O Dio, che cosa sembra quando muove gli occhi! Lo dica l'amore, poiché io non lo saprei descrivere: mi sembra una donna talmente umile che ogni altra donna, al suo confronto, io la definisco malvagia. La sua bellezza non si potrebbe raccontare, poiché a lei si inchina ogni virtù nobile e la bellezza la indica come sua dea. La nostra mente non è mai stata così profonda e in noi non c'è mai stata tanta perfezione, che possiamo avere una conoscenza compiuta di questa bellezza. |
Interpretazione complessiva
- Metro: sonetto con schema della rima regolare (ABBA, ABBA, CDE, EDC), senza la presenza di rime siciliane. La lingua presenta alcuni latinismi ("âre", v. 2; "seco", v. 3) e provenzalismi ("piagenza", v. 9; "canoscenza", v. 14), con uno stile alquanto semplice e conforme al trobar leu proprio dello Stilnovo.
- Il sonetto celebra la bellezza della donna amata, tuttavia arricchisce il tema con riferimenti religiosi e scritturali secondo il modello di Guinizelli e, soprattutto, sviluppa il motivo dell'ineffabilità della bellezza femminile, espressione della grazia divina e dunque impossibile da cogliere per la mente umana e da esprimere per i limitati mezzi umani del poeta: fin dall'inizio l'atmosfera del componimento è mistica, con l'incipit che ricorda il Cantico dei Cantici (8,5: quae est ista quae ascendit de deserto / deliciis affluens et nixa super dilectum suum?, "Chi è costei che sale dal deserto, / piena di delizie e appoggiata al suo diletto"?), mentre la donna è circonfusa di luce come un'aureola, che fa ammutolire tutti coloro che la guardano; essa è umile più di qualunque altra donna e ciò la rende paradossalmente superiore a tutte, mentre la bellezza la indica come propria dea, come creatura sovrumana. L'incapacità di cogliere pienamente la bellezza della donna è di tipo filosofico, poiché la mente umana sembra inadeguata a penetrare sino in fondo a un mistero che proviene dalla grazia divina, perciò l'amore diventa un'esperienza affine al misticismo medievale, troppo profonda per essere espressa a parole. Alcuni studiosi hanno visto in questi versi dei riferimenti alla dottrina dell'averroismo, di cui forse Cavalcanti era seguace, mentre è noto che l'uomo fu dedito a studi filosofici e come tale anche rappresentato in altri testi letterari, per es. nel Decameron di Boccaccio (► TESTO: Guido Cavalcanti).
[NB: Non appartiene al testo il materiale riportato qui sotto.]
lemma mult_pencil_left:
  fixes M :: "'a::comm_ring_1 mat"
  assumes "M \<in> carrier_mat r r" "X \<in> carrier_mat r r" "Y \<in> carrier_mat r r"
  shows "(a \<cdot>\<^sub>m 1\<^sub>m r + b \<cdot>\<^sub>m X + c \<cdot>\<^sub>m Y) * M = a \<cdot>\<^sub>m M + b \<cdot>\<^sub>m (X * M) + c \<cdot>\<^sub>m (Y * M)"
  using assms
  by (simp add: add_mult_distrib_mat[where nr = r and n = r and nc = r]
      mult_smult_assoc_mat[where nr = r and n = r and nc = r])

text \<open>A block-shaped matrix is I_d \<otimes> \<phi> plus blocks at off-diagonal positions allowed by P.
  For chain-free P the extra blocks multiply to zero, so \<phi> = blk r A 0 0 is multiplicative
  and an idempotent of this shape is 0 or 1 as soon as \<phi> is.\<close>

definition block_shaped :: "(nat \<Rightarrow> nat \<Rightarrow> bool) \<Rightarrow> nat \<Rightarrow> nat \<Rightarrow> 'a::zero mat \<Rightarrow> bool" where
  "block_shaped P d r A \<longleftrightarrow> (\<forall>b<d. blk r A b b = blk r A 0 0) \<and>
     (\<forall>b<d. \<forall>c<d. b \<noteq> c \<longrightarrow> \<not> P b c \<longrightarrow> blk r A b c = 0\<^sub>m r r)"

definition chain_free :: "(nat \<Rightarrow> nat \<Rightarrow> bool) \<Rightarrow> bool" where
  "chain_free P \<longleftrightarrow> (\<forall>b b' c. P b b' \<longrightarrow> \<not> P b' c)"

lemma block_shaped_product_vanishes:
  assumes "block_shaped P d r A" "block_shaped P d r B" "chain_free P"
    and "b < d" "b' < d" "c < d" "b' \<noteq> b" "b' \<noteq> c"
  shows "blk r A b b' * blk r B b' c = 0\<^sub>m r r"
proof (cases "P b b'")
  case True
  then have "\<not> P b' c"
    using assms(3) unfolding chain_free_def by blast
  then have "blk r B b' c = 0\<^sub>m r r"
    using assms(2,5,6,8) unfolding block_shaped_def by blast
  then show ?thesis by simp
next
  case False
  then have "blk r A b b' = 0\<^sub>m r r"
    using assms(1,4,5,7) unfolding block_shaped_def by blast
  then show ?thesis by simp
qed
(* Let $\tau:\mathscr{A}\to\mathbb{C}$ be a linear functional with $|\tau(q)|\le C_0^{\deg q}$ for every monomial $q$, and let $A>1$ with $C_0/A<1/2$. For $g_1,\dots,g_m\in\mathscr{A}_0$ set $$Q_m(g_1,\dots,g_m)=(1\otimes\tau+\tau\otimes1)\Big\{\sum_{i=1}^n\big[(\mathscr{J}\mathscr{D}g_1)\cdots(\mathscr{J}\mathscr{D}g_m)\big]_{ii}\Big\}.$$ Then $$\|Q_m(\Sigma g_1,\dots,\Sigma g_m)\|_A\le2(2A^{-2})^m\prod_{k=1}^m\|g_k\|_A.$$ In particular $(g_1,\dots,g_m)\mapsto Q_m(\Sigma g_1,\dots,\Sigma g_m)$ extends to a bounded multilinear map on $\mathscr{A}_0^{(A)}$ with values in $\mathscr{A}^{(A)}$.
   Context: $\mathscr{A}=\mathbb{C}\langle X_1,\dots,X_n\rangle$, $\mathscr{A}_0$ the span of monomials of degree $\ge1$. For $P=\sum_q\lambda_q(P)q$, $\|P\|_A=\sum_q|\lambda_q(P)|A^{\deg q}$; $\mathscr{A}^{(A)}$, $\mathscr{A}_0^{(A)}$ the completions. $\Sigma:\mathscr{A}_0\to\mathscr{A}_0$ is defined on monomials by $\Sigma q=q/\deg q$ (the inverse of the operator $\mathscr{N}$ multiplying degree-$k$ monomials by $k$). $\partial_j$: derivation $\mathscr{A}\to\mathscr{A}\otimes\mathscr{A}^{op}$ with $\partial_jX_i=\delta_{ij}1\otimes1$; $\mathscr{D}_jq=\sum_{q=BX_jC}CB$; $\mathscr{J}\mathscr{D}g=(\partial_j\mathscr{D}_ig)_{i,j}\in M_n(\mathscr{A}\otimes\mathscr{A}^{op})$; matrix products use $(a\otimes b)(c\otimes d)=ac\otimes db$. $(1\otimes\tau+\tau\otimes1)(a\otimes b)=a\tau(b)+\tau(a)b$. *)

theory Defs
  imports Complex_Main
begin

text \<open>Noncommutative polynomials in X_0,...,X_(n-1) are coefficient functions on words
(nat lists, letter i standing for X_i) with finite support; elements of A tensor A^op
are coefficient functions on pairs of words (u,v) standing for u tensor v.\<close>

type_synonym ncp = "nat list \<Rightarrow> complex"
type_synonym tens = "nat list \<times> nat list \<Rightarrow> complex"

definition supp :: "('a \<Rightarrow> complex) \<Rightarrow> 'a set" where
  "supp f = {x. f x \<noteq> 0}"

definition ncpoly :: "nat \<Rightarrow> ncp \<Rightarrow> bool" where
  "ncpoly n P \<longleftrightarrow> finite (supp P) \<and> (\<forall>q\<in>supp P. set q \<subseteq> {..<n})"

definition ncpoly0 :: "nat \<Rightarrow> ncp \<Rightarrow> bool" where
  "ncpoly0 n P \<longleftrightarrow> ncpoly n P \<and> P [] = 0"

definition normA :: "real \<Rightarrow> ncp \<Rightarrow> real" where
  "normA A P = (\<Sum>q\<in>supp P. cmod (P q) * A ^ length q)"

definition Sig :: "ncp \<Rightarrow> ncp" where
  "Sig P = (\<lambda>q. if q = [] then 0 else P q / of_nat (length q))"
- Il motivo della bellezza "sovrumana" della donna e dell'incapacità poetica di esprimerla pienamente sarà ripreso anche da Dante, amico di Guido e suo compagno di scuola nell'ambito dello Stilnovo, sia in alcune rime della Vita nuova in cui all'apparire di Beatrice i presenti restano senza parole (► TESTO: Tanto gentile e tanto onesta pare), sia soprattutto nella poesia del Paradiso, in cui il tema dell'ineffabilità della bellezza di Beatrice e della visione divina sarà dominante in tutta la Cantica ed è largamente derivato dal modello di Cavalcanti.